**HOW TO COMPLETE THIS TASK:** Repeat exactly, and only, the lines below starting at the line that contains "(* Let $k\ge1$, $s>0$, and" and ending at the line that contains "nat \<Rightarrow> (int", inclusive of both.

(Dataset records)
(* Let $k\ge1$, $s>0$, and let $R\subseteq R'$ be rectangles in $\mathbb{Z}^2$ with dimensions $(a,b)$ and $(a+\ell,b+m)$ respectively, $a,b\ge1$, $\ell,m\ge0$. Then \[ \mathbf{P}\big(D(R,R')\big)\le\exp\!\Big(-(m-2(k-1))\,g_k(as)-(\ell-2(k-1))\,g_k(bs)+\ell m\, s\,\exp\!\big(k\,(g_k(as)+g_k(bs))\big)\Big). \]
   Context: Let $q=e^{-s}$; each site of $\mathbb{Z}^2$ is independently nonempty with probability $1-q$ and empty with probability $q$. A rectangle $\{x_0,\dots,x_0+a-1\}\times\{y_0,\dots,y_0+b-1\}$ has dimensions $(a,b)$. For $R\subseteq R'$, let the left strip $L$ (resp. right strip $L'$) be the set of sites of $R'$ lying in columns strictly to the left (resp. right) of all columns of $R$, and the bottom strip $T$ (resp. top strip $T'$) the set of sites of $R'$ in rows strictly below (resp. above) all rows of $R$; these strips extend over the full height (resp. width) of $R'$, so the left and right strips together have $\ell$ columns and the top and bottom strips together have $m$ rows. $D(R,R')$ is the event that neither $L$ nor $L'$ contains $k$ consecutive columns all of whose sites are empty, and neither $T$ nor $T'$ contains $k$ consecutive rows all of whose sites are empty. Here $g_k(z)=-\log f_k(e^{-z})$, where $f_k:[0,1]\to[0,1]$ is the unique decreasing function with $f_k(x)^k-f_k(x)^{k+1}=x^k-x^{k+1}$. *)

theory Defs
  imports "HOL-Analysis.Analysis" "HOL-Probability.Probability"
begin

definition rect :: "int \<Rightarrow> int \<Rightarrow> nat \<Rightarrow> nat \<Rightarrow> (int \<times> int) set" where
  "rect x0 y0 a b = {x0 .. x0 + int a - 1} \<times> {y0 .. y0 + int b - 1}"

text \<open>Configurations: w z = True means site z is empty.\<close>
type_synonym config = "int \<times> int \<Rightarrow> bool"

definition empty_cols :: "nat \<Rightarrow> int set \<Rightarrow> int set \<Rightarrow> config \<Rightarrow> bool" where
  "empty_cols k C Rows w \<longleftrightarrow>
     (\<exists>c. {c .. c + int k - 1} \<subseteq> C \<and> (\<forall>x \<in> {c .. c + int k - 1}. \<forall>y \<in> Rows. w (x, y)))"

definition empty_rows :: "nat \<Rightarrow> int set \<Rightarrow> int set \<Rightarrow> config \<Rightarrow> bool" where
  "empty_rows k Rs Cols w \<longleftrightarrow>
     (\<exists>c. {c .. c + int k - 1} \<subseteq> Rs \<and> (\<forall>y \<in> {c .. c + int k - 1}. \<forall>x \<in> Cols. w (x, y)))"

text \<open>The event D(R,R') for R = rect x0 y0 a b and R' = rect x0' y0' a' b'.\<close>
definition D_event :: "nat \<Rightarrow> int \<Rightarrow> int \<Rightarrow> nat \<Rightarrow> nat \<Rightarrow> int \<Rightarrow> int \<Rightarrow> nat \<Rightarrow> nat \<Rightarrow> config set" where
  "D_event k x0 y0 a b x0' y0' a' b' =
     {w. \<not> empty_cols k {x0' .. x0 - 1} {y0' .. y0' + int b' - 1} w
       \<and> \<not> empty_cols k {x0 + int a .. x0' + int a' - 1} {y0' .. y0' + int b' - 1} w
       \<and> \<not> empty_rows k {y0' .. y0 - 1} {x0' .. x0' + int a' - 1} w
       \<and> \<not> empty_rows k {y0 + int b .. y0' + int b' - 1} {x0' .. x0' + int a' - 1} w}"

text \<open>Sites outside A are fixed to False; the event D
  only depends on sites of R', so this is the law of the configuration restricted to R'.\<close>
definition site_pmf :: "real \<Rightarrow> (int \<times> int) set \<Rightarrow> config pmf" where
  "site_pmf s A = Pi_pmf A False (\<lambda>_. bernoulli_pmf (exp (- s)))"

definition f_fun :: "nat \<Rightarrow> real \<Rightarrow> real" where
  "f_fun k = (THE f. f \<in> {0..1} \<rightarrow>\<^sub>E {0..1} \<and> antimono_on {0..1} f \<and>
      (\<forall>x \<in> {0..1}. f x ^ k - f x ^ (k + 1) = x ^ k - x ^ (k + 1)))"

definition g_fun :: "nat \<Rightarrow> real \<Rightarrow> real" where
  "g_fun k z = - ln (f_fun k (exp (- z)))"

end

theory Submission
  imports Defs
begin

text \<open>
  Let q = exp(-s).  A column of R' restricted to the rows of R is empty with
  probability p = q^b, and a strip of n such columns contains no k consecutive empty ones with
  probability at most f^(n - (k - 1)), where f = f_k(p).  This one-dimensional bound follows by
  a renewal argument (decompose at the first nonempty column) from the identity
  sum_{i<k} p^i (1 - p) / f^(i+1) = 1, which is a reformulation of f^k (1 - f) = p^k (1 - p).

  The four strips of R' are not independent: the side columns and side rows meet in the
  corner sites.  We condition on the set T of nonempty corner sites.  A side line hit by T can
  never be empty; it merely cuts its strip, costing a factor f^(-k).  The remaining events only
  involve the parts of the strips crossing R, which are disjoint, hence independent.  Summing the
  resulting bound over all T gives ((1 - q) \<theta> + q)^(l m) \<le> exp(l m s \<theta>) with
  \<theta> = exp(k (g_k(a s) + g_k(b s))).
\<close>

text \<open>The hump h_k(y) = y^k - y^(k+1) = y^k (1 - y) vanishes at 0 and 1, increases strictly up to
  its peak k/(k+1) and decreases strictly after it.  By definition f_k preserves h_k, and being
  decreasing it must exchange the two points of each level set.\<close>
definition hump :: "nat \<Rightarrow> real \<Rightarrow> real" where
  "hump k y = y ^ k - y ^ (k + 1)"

* * *

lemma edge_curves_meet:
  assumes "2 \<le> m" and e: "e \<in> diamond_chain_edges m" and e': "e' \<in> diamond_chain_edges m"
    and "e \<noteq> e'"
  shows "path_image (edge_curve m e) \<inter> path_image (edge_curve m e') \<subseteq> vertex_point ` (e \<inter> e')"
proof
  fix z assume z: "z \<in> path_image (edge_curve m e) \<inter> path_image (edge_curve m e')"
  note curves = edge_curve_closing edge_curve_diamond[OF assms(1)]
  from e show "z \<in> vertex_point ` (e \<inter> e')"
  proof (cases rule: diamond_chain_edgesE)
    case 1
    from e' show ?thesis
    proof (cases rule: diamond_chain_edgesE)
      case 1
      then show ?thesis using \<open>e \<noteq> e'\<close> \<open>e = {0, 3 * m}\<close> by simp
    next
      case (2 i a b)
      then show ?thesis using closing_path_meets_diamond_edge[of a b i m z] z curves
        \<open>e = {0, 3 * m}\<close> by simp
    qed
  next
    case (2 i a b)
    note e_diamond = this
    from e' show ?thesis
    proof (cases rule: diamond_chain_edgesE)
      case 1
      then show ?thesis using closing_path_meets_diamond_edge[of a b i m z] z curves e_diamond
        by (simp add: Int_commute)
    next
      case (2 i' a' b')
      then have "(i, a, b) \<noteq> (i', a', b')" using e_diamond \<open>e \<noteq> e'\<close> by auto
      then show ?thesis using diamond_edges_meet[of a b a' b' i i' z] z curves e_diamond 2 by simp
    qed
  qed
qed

* * *

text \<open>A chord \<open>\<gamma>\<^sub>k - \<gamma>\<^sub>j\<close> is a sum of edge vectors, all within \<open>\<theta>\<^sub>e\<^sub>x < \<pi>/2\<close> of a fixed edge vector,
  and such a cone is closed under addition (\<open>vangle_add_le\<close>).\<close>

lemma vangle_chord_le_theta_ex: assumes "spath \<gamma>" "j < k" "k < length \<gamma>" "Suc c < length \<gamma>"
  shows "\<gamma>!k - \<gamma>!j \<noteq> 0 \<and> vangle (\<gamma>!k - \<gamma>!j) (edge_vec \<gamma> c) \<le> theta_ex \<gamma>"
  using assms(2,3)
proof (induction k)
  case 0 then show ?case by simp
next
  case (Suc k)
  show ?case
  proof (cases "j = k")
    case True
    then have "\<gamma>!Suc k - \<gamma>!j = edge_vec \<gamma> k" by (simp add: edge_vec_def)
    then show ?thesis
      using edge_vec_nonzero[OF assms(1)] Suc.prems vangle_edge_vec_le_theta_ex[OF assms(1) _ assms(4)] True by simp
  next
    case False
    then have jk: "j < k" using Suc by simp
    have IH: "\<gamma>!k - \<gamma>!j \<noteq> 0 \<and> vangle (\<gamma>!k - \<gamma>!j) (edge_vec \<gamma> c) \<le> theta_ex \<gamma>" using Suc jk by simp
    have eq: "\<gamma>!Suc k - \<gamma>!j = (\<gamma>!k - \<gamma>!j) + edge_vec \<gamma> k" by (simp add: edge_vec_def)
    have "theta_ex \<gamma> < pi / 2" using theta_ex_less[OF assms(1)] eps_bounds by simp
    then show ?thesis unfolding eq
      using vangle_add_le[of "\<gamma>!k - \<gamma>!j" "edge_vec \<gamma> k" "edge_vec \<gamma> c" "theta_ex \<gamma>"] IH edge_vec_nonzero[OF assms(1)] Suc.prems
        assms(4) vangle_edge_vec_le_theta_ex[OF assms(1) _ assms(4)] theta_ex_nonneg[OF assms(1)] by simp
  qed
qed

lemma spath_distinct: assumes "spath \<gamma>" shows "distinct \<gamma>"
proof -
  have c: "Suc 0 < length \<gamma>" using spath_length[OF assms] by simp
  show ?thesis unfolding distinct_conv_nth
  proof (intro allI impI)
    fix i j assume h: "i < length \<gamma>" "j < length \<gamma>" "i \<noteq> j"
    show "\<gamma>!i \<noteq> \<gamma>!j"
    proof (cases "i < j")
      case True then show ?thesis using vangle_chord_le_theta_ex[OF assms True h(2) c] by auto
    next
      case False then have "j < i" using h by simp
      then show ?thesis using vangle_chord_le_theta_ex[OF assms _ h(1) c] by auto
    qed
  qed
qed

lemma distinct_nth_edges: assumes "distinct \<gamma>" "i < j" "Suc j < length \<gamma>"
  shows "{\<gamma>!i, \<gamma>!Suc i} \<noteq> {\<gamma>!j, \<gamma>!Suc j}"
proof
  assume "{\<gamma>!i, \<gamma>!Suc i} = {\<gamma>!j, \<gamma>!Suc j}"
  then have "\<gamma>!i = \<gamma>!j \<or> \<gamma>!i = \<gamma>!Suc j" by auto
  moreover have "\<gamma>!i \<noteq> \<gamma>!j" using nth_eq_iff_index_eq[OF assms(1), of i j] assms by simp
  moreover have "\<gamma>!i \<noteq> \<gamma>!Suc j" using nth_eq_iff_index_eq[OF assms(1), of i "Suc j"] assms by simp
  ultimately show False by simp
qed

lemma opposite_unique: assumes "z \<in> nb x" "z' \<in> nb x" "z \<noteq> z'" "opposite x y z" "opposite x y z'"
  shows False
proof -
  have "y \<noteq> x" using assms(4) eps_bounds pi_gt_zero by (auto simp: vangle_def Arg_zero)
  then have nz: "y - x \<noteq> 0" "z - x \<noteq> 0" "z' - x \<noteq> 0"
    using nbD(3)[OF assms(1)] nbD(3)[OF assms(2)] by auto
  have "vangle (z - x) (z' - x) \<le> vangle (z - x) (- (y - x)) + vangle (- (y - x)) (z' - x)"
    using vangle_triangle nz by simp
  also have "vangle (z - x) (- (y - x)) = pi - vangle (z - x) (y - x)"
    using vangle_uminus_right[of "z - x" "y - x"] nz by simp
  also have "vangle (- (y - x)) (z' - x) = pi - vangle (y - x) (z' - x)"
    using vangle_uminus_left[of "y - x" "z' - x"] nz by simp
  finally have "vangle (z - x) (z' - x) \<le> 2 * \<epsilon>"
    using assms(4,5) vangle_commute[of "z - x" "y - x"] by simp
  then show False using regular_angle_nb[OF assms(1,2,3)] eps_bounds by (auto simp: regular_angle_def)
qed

**FINAL ANSWER:**
(* Let $k\ge1$, $s>0$, and let $R\subseteq R'$ be rectangles in $\mathbb{Z}^2$ with dimensions $(a,b)$ and $(a+\ell,b+m)$ respectively, $a,b\ge1$, $\ell,m\ge0$. Then \[ \mathbf{P}\big(D(R,R')\big)\le\exp\!\Big(-(m-2(k-1))\,g_k(as)-(\ell-2(k-1))\,g_k(bs)+\ell m\, s\,\exp\!\big(k\,(g_k(as)+g_k(bs))\big)\Big). \]
   Context: Let $q=e^{-s}$; each site of $\mathbb{Z}^2$ is independently nonempty with probability $1-q$ and empty with probability $q$. A rectangle $\{x_0,\dots,x_0+a-1\}\times\{y_0,\dots,y_0+b-1\}$ has dimensions $(a,b)$. For $R\subseteq R'$, let the left strip $L$ (resp. right strip $L'$) be the set of sites of $R'$ lying in columns strictly to the left (resp. right) of all columns of $R$, and the bottom strip $T$ (resp. top strip $T'$) the set of sites of $R'$ in rows strictly below (resp. above) all rows of $R$; these strips extend over the full height (resp. width) of $R'$, so the left and right strips together have $\ell$ columns and the top and bottom strips together have $m$ rows. $D(R,R')$ is the event that neither $L$ nor $L'$ contains $k$ consecutive columns all of whose sites are empty, and neither $T$ nor $T'$ contains $k$ consecutive rows all of whose sites are empty. Here $g_k(z)=-\log f_k(e^{-z})$, where $f_k:[0,1]\to[0,1]$ is the unique decreasing function with $f_k(x)^k-f_k(x)^{k+1}=x^k-x^{k+1}$. *)

theory Defs
  imports "HOL-Analysis.Analysis" "HOL-Probability.Probability"
begin

definition rect :: "int \<Rightarrow> int \<Rightarrow> nat \<Rightarrow> nat \<Rightarrow> (int \<times> int) set" where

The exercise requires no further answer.